Benefits counseling experience – Joe’s work in the benefits counseling area covers many areas of employee benefits law. Below are some examples of that work:

  • As part of the Firm’s Health Care Reform Team, he advises employers and plan sponsors regarding the establishment, administration and operation of fully insured and self-funded health and welfare plans to comply with ERISA, IRC, ACA/PPACA, HIPAA, COBRA, ADA, GINA, and other related laws.
  • Guiding clients through the selection of plan service providers, along with negotiating service agreements with vendors to address plan compliance and operations, while leveraging data security experience to ensure plan data is safeguarded.
  • Counsels plan sponsors on day-to-day compliance and administrative issues affecting plans.
  • Assists in the design and drafting of benefit plan documents, including severance and fringe benefit plans.
  • Advises plan sponsors concerning employee benefit plan operation, administration and correcting errors in operation.

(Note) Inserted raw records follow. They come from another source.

lemma generalized_quadrangleI:
  assumes "gen_quadrangle_of_order P L I s t"
  shows "generalized_quadrangle P L I s t"
proof -
  let ?V = "levi_vertices P L" and ?E = "levi_adj P L I"
  have gq: "gen_quadrangle P L I" and order: "has_order P L I s t"
    using assms by (auto simp: gen_quadrangle_of_order_def)
  have short_cycle: False if "is_cycle ?V ?E c" "length c < 8" for c
    using gq that by (auto simp: gen_quadrangle_def has_girth_def)
  have diam: "reach_le ?V ?E 4 u v" if "u \<in> ?V" "v \<in> ?V" for u v
    using gq that by (auto simp: gen_quadrangle_def has_diameter_def)
  show ?thesis
  proof
    show "finite P" "finite L"
      using gq by (auto simp: gen_quadrangle_def)
    show "P \<noteq> {}"
    proof
      assume "P = {}"
      moreover obtain u where "u \<in> ?V"
        using gq by (auto simp: gen_quadrangle_def has_diameter_def)
      ultimately obtain l where "l \<in> L" and "card {p \<in> P. I p l} = 0"
        by (auto simp: levi_vertices_def)
      then show False
        using order by (auto simp: has_order_def)
    qed
    show "k = l" if "x \<in> P" "y \<in> P" "k \<in> L" "l \<in> L" "I x k" "I y k" "I x l" "I y l" "x \<noteq> y"
      for x y k l
    proof (rule ccontr)
      assume "k \<noteq> l"
      then have "is_cycle ?V ?E [Inl x, Inr k, Inl y, Inr l]"
        using that by (auto simp: is_cycle_def levi_vertices_def)
      then show False by (rule short_cycle) simp
    qed
    show False if "x \<in> P" "y \<in> P" "z \<in> P" "j \<in> L" "k \<in> L" "l \<in> L"
      "I x j" "I y j" "I y k" "I z k" "I z l" "I x l" "x \<noteq> y" "y \<noteq> z" "x \<noteq> z" "j \<noteq> k" "k \<noteq> l" "j \<noteq> l"
      for x y z j k l
    proof -
      have "is_cycle ?V ?E [Inl x, Inr j, Inl y, Inr k, Inl z, Inr l]"
        using that by (auto simp: is_cycle_def levi_vertices_def)
      then show False by (rule short_cycle) simp
    qed
    show "\<exists>q\<in>P. \<exists>k\<in>L. I p k \<and> I q k \<and> I q l" if pl: "p \<in> P" "l \<in> L" "\<not> I p l" for p l
    proof -
      obtain xs where xs: "set xs \<subseteq> ?V" "is_walk ?E xs" "hd xs = Inl p" "last xs = Inr l"
        "xs \<noteq> []" "length xs \<le> 5"
        using diam[of "Inl p" "Inr l"] pl by (auto simp: reach_le_def levi_vertices_def numeral_eq_Suc)
      consider a where "xs = [a]" | a b where "xs = [a, b]" | a b c where "xs = [a, b, c]"
        | a b c d where "xs = [a, b, c, d]" | a b c d e where "xs = [a, b, c, d, e]"
        using xs(5,6) by (auto simp: length_Suc_conv numeral_eq_Suc le_Suc_eq)
      then show ?thesis
        by cases (use xs pl in \<open>fastforce simp: levi_adj_Inl levi_adj_Inr\<close>)+
    qed
    show "card {p \<in> P. I p l} = s + 1" if "l \<in> L" for l
      using order that by (simp add: has_order_def)
    show "card {l \<in> L. I p l} = t + 1" if "p \<in> P" for p
      using order that by (simp add: has_order_def)
  qed
qed

context generalized_quadrangle
begin

definition collinear :: "'p \<Rightarrow> 'p \<Rightarrow> bool" where
  "collinear x y \<longleftrightarrow> (\<exists>l\<in>L. I x l \<and> I y l)"

lemma exists_line_through: "p \<in> P \<Longrightarrow> \<exists>l\<in>L. I p l"
  using lines_through_point[of p]
  by (metis (no_types, lifting) Collect_empty_eq add_eq_0_iff_both_eq_0 card.empty zero_neq_one)

lemma collinear_refl: "p \<in> P \<Longrightarrow> collinear p p"
  using exists_line_through by (auto simp: collinear_def)

lemma unique_collinear_point_on_line:
  assumes "p \<in> P" "l \<in> L" "\<not> I p l" and q: "q \<in> P" "I q l" "collinear p q"
    and q': "q' \<in> P" "I q' l" "collinear p q'"
  shows "q = q'"
proof (rule ccontr)
  assume "q \<noteq> q'"
  obtain k where k: "k \<in> L" "I p k" "I q k" using q by (auto simp: collinear_def)
  obtain k' where k': "k' \<in> L" "I p k'" "I q' k'" using q' by (auto simp: collinear_def)
  have "k \<noteq> k'"
    using no_digon[of q q' l k] \<open>q \<noteq> q'\<close> assms k k' by auto
  then show False
    using no_triangle[of p q q' k l k'] \<open>q \<noteq> q'\<close> assms k k' by auto
qed

lemma card_collinear_points:
  assumes "x \<in> P"
  shows "card {y \<in> P. y \<noteq> x \<and> collinear x y} = (t + 1) * s"
proof -
  have "{y \<in> P. y \<noteq> x \<and> collinear x y} = (\<Union>l\<in>{l \<in> L. I x l}. {p \<in> P. I p l} - {x})"
    by (auto simp: collinear_def)
  also have "card \<dots> = (\<Sum>l\<in>{l \<in> L. I x l}. card ({p \<in> P. I p l} - {x}))"
    using finite_points finite_lines no_digon assms by (intro card_UN_disjoint) auto
  also have "\<dots> = (\<Sum>l\<in>{l \<in> L. I x l}. s)"
    using points_on_line assms finite_points by (simp add: card_Diff_singleton)
  finally show ?thesis
    using lines_through_point[OF assms] by simp
qed

lemma card_common_neighbours_of_noncollinear:
  assumes "x \<in> P" "y \<in> P" "\<not> collinear x y"
  shows "card {z \<in> P. z \<noteq> x \<and> collinear x z \<and> collinear y z} = t + 1"
proof -
  have "{z \<in> P. z \<noteq> x \<and> collinear x z \<and> collinear y z}
      = (\<Union>k\<in>{k \<in> L. I y k}. {z \<in> P. I z k \<and> collinear x z})"
    using assms by (auto simp: collinear_def)
  also have "card \<dots> = (\<Sum>k\<in>{k \<in> L. I y k}. card {z \<in> P. I z k \<and> collinear x z})"
    using finite_points finite_lines no_digon assms
    by (intro card_UN_disjoint) (auto simp: collinear_def, metis)
  also have "\<dots> = (\<Sum>k\<in>{k \<in> L. I y k}. 1)"
  proof (rule sum.cong[OF refl])
    fix k assume k: "k \<in> {k \<in> L. I y k}"
    then have "\<not> I x k"
      using assms by (auto simp: collinear_def)
    then obtain q where "q \<in> P" "I q k" "collinear x q"
      using collinear_point_on_line[of x k] assms k by (auto simp: collinear_def)
    then have "{z \<in> P. I z k \<and> collinear x z} = {q}"
      using unique_collinear_point_on_line[of x k] \<open>\<not> I x k\<close> assms k by blast
    then show "card {z \<in> P. I z k \<and> collinear x z} = 1" by simp
  qed
  finally show ?thesis
    using lines_through_point[OF assms(2)] by simp
qed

Joe speaks and writes regularly on current employee benefits and data privacy and cybersecurity topics and his work has been published in leading business and legal journals and media outlets, such as The Washington Post, Inside Counsel, Bloomberg, The National Law Journal, Financial Times, Business Insurance, HR Magazine and NPR, as well as the ABA Journal, The American Lawyer, Law360, Bender’s Labor and Employment Bulletin, the Australian Privacy Law Bulletin and the Privacy, and Data Security Law Journal.

Joe served as a judicial law clerk for the Honorable Laura Denvir Stith on the Missouri Court of Appeals.